We are currently going through an era of products needing to provide prompt-based interfaces while not having enough resources to self-host LLMs. And since talking to a computer in plain English is way easier (from a user’s perspective) than clicking around (YMMV), as product builders and engineers, we will face an issue more often than not:

Company pays for an amount of tokens, which happen to not be unlimited. Product users then consumes all those tokens. All the consecutive requests fail with a “you’re too poor to buy more tokens” error. Users start complaining.

There’s no point in sending another request (or another token) to that LLM until you either get richer, or until your quota gets reset and you can start prompting again.
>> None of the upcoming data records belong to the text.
(* For any $n\geq 2$, the class $\mathcal{PO}_n$ of all finite partial orders of dimension at most $n$ does not satisfy the amalgamation property.
   Context: The dimension of a partial order $(P,<)$ is the minimum number of linear orders on $P$ whose intersection is $<$. Embeddings of partial orders are injective maps $f$ with $a<b\iff f(a)<f(b)$. A class $\mathcal{K}$ satisfies the amalgamation property if for all $\mathbf{A},\mathbf{B},\mathbf{C}\in\mathcal{K}$ and embeddings $e:\mathbf{A}\to\mathbf{B}$, $f:\mathbf{A}\to\mathbf{C}$, there are $\mathbf{D}\in\mathcal{K}$ and embeddings $g:\mathbf{B}\to\mathbf{D}$, $h:\mathbf{C}\to\mathbf{D}$ with $g\circ e=h\circ f$. *)

theory Defs
  imports Main
begin

text \<open>Carriers are taken inside the countable universe nat; since all structures in the
  class are finite, every finite partial order is isomorphic to one of these, and
  the amalgamation property is invariant under isomorphism.\<close>

type_synonym poset = "nat set \<times> nat rel"

definition strict_po :: "poset \<Rightarrow> bool" where
  "strict_po X \<longleftrightarrow> (let (P, r) = X in
     r \<subseteq> P \<times> P \<and> (\<forall>a\<in>P. (a, a) \<notin> r) \<and>
     (\<forall>a\<in>P. \<forall>b\<in>P. \<forall>c\<in>P. (a, b) \<in> r \<longrightarrow> (b, c) \<in> r \<longrightarrow> (a, c) \<in> r))"

definition strict_linear_order_on :: "nat set \<Rightarrow> nat rel \<Rightarrow> bool" where
  "strict_linear_order_on P L \<longleftrightarrow> strict_po (P, L) \<and>
     (\<forall>a\<in>P. \<forall>b\<in>P. a \<noteq> b \<longrightarrow> (a, b) \<in> L \<or> (b, a) \<in> L)"

definition realizes :: "poset \<Rightarrow> nat \<Rightarrow> (nat \<Rightarrow> nat rel) \<Rightarrow> bool" where
  "realizes X k L \<longleftrightarrow> (let (P, r) = X in
     (\<forall>i<k. strict_linear_order_on P (L i)) \<and>
     r = {(a, b). a \<in> P \<and> b \<in> P \<and> (\<forall>i<k. (a, b) \<in> L i)})"

definition dimension :: "poset \<Rightarrow> nat" where
  "dimension X = (LEAST k. \<exists>L. realizes X k L)"

definition PO :: "nat \<Rightarrow> poset set" where
  "PO n = {X. finite (fst X) \<and> strict_po X \<and> dimension X \<le> n}"

definition embedding :: "(nat \<Rightarrow> nat) \<Rightarrow> poset \<Rightarrow> poset \<Rightarrow> bool" where
  "embedding f X Y \<longleftrightarrow>
     f ` fst X \<subseteq> fst Y \<and> inj_on f (fst X) \<and>
     (\<forall>a\<in>fst X. \<forall>b\<in>fst X. (a, b) \<in> snd X \<longleftrightarrow> (f a, f b) \<in> snd Y)"

definition amalgamation_property :: "poset set \<Rightarrow> bool" where
  "amalgamation_property K \<longleftrightarrow>
     (\<forall>A\<in>K. \<forall>B\<in>K. \<forall>C\<in>K. \<forall>e f. embedding e A B \<and> embedding f A C \<longrightarrow>
        (\<exists>D\<in>K. \<exists>g h. embedding g B D \<and> embedding h C D \<and>
           (\<forall>a\<in>fst A. g (e a) = h (f a))))"

end

theory Submission
  imports Defs "HOL-Library.Product_Lexorder"
begin

(* Take A the antichain a_0, ..., a_(n-1), t; B = A plus u < t and a_i < v; C = A plus the
   standard example a_i < b_j (i \<noteq> j) and t < b_j. All three have dimension at most n.
   In an amalgam D the pairs (a_i, b_i) together with (u, v) form a standard example of size
   n + 1, since a_i < v and u < t < b_j. No linear order reverses two pairs of a standard
   example, so each pair needs its own order in a realizer and D has dimension > n. *)

lemma strict_po_iff:
  "strict_po (P, r) \<longleftrightarrow> r \<subseteq> P \<times> P \<and> (\<forall>a\<in>P. (a, a) \<notin> r) \<and>
     (\<forall>a\<in>P. \<forall>b\<in>P. \<forall>c\<in>P. (a, b) \<in> r \<longrightarrow> (b, c) \<in> r \<longrightarrow> (a, c) \<in> r)"
  by (simp add: strict_po_def)

lemma strict_po_trans:
  assumes "strict_po (P, r)" "(a, b) \<in> r" "(b, c) \<in> r"
  shows "(a, c) \<in> r"
  using assms unfolding strict_po_iff by blast

lemma realizes_iff:
  "realizes (P, r) k L \<longleftrightarrow> (\<forall>i<k. strict_linear_order_on P (L i)) \<and>
     r = {(a, b). a \<in> P \<and> b \<in> P \<and> (\<forall>i<k. (a, b) \<in> L i)}"
  by (simp add: realizes_def)

lemma embedding_mem: "embedding f X Y \<Longrightarrow> a \<in> fst X \<Longrightarrow> f a \<in> fst Y"
  by (auto simp: embedding_def)

lemma embedding_rel_iff:
  "embedding f X Y \<Longrightarrow> a \<in> fst X \<Longrightarrow> b \<in> fst X \<Longrightarrow> (f a, f b) \<in> snd Y \<longleftrightarrow> (a, b) \<in> snd X"
  by (auto simp: embedding_def)

lemma embedding_neq: "embedding f X Y \<Longrightarrow> a \<in> fst X \<Longrightarrow> b \<in> fst X \<Longrightarrow> a \<noteq> b \<Longrightarrow> f a \<noteq> f b"
  by (auto simp: embedding_def inj_on_def)

definition rank_rel :: "nat set \<Rightarrow> (nat \<Rightarrow> 'a::linorder) \<Rightarrow> nat rel" where
  "rank_rel P \<rho> = {(a, b). a \<in> P \<and> b \<in> P \<and> \<rho> a < \<rho> b}"

lemma strict_linear_order_on_rank_rel:
  "inj_on \<rho> P \<Longrightarrow> strict_linear_order_on P (rank_rel P \<rho>)"
  unfolding strict_linear_order_on_def strict_po_iff rank_rel_def inj_on_def
  by (auto, metis neq_iff)

lemma realizes_by_rankings:
  fixes \<rho> :: "nat \<Rightarrow> nat \<Rightarrow> 'a::linorder"
  assumes "\<forall>i<k. inj_on (\<rho> i) P" "r \<subseteq> P \<times> P"
    and "\<forall>a\<in>P. \<forall>b\<in>P. (a, b) \<in> r \<longleftrightarrow> (\<forall>i<k. \<rho> i a < \<rho> i b)"
  shows "realizes (P, r) k (\<lambda>i. rank_rel P (\<rho> i))"
  using assms unfolding realizes_iff
  by (auto simp: strict_linear_order_on_rank_rel) (auto simp: rank_rel_def)

lemma realizes_imp_strict_po:
  assumes "realizes (P, r) k L" "0 < k"
  shows "strict_po (P, r)"
proof -
  have L: "\<forall>i<k. strict_po (P, L i)"
    and r: "r = {(a, b). a \<in> P \<and> b \<in> P \<and> (\<forall>i<k. (a, b) \<in> L i)}"
    using assms(1) by (simp_all add: realizes_iff strict_linear_order_on_def)
  have "(a, a) \<notin> r" for a
    using L assms(2) unfolding r strict_po_iff by blast
  moreover have "(a, c) \<in> r" if "(a, b) \<in> r" "(b, c) \<in> r" for a b c
    using that L strict_po_trans unfolding r by blast
  ultimately show ?thesis
    unfolding strict_po_iff using r by blast
qed

lemma dimension_le_if_realizes: "realizes X k L \<Longrightarrow> dimension X \<le> k"
  unfolding dimension_def by (rule Least_le) blast

lemma mem_PO_by_rankings:
  fixes \<rho> :: "nat \<Rightarrow> nat \<Rightarrow> 'a::linorder"
  assumes "finite P" "0 < k" "k \<le> n" "\<forall>i<k. inj_on (\<rho> i) P" "r \<subseteq> P \<times> P"
    and "\<forall>a\<in>P. \<forall>b\<in>P. (a, b) \<in> r \<longleftrightarrow> (\<forall>i<k. \<rho> i a < \<rho> i b)"
  shows "(P, r) \<in> PO n"
proof -
  have "realizes (P, r) k (\<lambda>i. rank_rel P (\<rho> i))"
    using assms(4-6) by (rule realizes_by_rankings)
  then show ?thesis
    using assms(1-3) realizes_imp_strict_po dimension_le_if_realizes
    unfolding PO_def by fastforce
qed

lemma antichain_mem_PO:
  assumes "finite P" "2 \<le> n"
  shows "(P, {}) \<in> PO n"
proof (rule mem_PO_by_rankings)
  let ?\<rho> = "\<lambda>i::nat. \<lambda>x. if i = 0 then int x else - int x"
  show "\<forall>i<2. inj_on (?\<rho> i) P" by (auto simp: inj_on_def)
  show "\<forall>a\<in>P. \<forall>b\<in>P. (a, b) \<in> {} \<longleftrightarrow> (\<forall>i<2. ?\<rho> i a < ?\<rho> i b)"
    by (auto simp: less_2_cases_iff ex_disj_distrib)
qed (use assms in auto)

definition height :: "nat rel \<Rightarrow> nat set \<Rightarrow> nat \<Rightarrow> nat" where
  "height r P x = card {z \<in> P. (z, x) \<in> r}"

lemma height_strict_mono:
  assumes "finite P" "strict_po (P, r)" "(x, y) \<in> r"
  shows "height r P x < height r P y"
  unfolding height_def
proof (rule psubset_card_mono)
  show "finite {z \<in> P. (z, y) \<in> r}" using assms(1) by simp
  have "x \<in> P" "(x, x) \<notin> r" using assms(2,3) unfolding strict_po_iff by auto
  then show "{z \<in> P. (z, x) \<in> r} \<subset> {z \<in> P. (z, y) \<in> r}"
    using assms(2,3) strict_po_trans by blast
qed

lemma finite_strict_po_realizable:
  assumes fin: "finite P" and po: "strict_po (P, r)"
  shows "\<exists>k L. realizes (P, r) k L"
proof -
  \<comment> \<open>The ranking for c puts the up-set of c on top, each part ordered by height;
    so it extends r, and c lies below b in it only if (c, b) \<in> r.\<close>
  define key where "key c x = (c = x \<or> (c, x) \<in> r, height r P x, x)" for c x
  define cs where "cs = sorted_list_of_set P"
  have set_cs: "set cs = P" using fin cs_def by simp
  have rP: "r \<subseteq> P \<times> P" using po unfolding strict_po_iff by blast
  have key_mono: "key c a < key c b" if "(a, b) \<in> r" for a b c
  proof -
    have "c = a \<or> (c, a) \<in> r \<Longrightarrow> (c, b) \<in> r"
      using that po strict_po_trans by blast
    then show ?thesis
      using height_strict_mono[OF fin po that] unfolding key_def by auto
  qed
  have key_reflects: "(a, b) \<in> r" if "key a a < key a b" for a b
    using that unfolding key_def by (cases "(a, b) \<in> r") auto
  have "(a, b) \<in> r \<longleftrightarrow> (\<forall>c\<in>set cs. key c a < key c b)" if "a \<in> P" for a b
    using key_mono key_reflects[of a b] that unfolding set_cs by blast
  then have "\<forall>a\<in>P. \<forall>b\<in>P. (a, b) \<in> r \<longleftrightarrow> (\<forall>i<length cs. key (cs ! i) a < key (cs ! i) b)"
    by (simp add: all_set_conv_all_nth)
  moreover have "\<forall>i<length cs. inj_on (key (cs ! i)) P"
    by (simp add: inj_on_def key_def)
  ultimately have "realizes (P, r) (length cs) (\<lambda>i. rank_rel P (key (cs ! i)))"
    using rP by (intro realizes_by_rankings)
  then show ?thesis by blast
qed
History repeats itself, and while LLMs are great and intelligent and all that, for all practical purposes they can, and I’d advocate should, be treated as any other dependency over the network:

LLMs can be slow, and your requests can timeout
LLM responses can fail, not necessarily due to your input
The LLM can rate limit and/or throttle you
The LLM can go offline for whatever reason, and come back online whenever it feels like

Our goal here, as builders, is to build resilient systems that stay predictable under these circumstances.

Retries Aren’t Silver Bullets

A few days ago, I posted on LinkedIn a story of how being rate limited by an API role-playing as an LLM resulted in high error rates.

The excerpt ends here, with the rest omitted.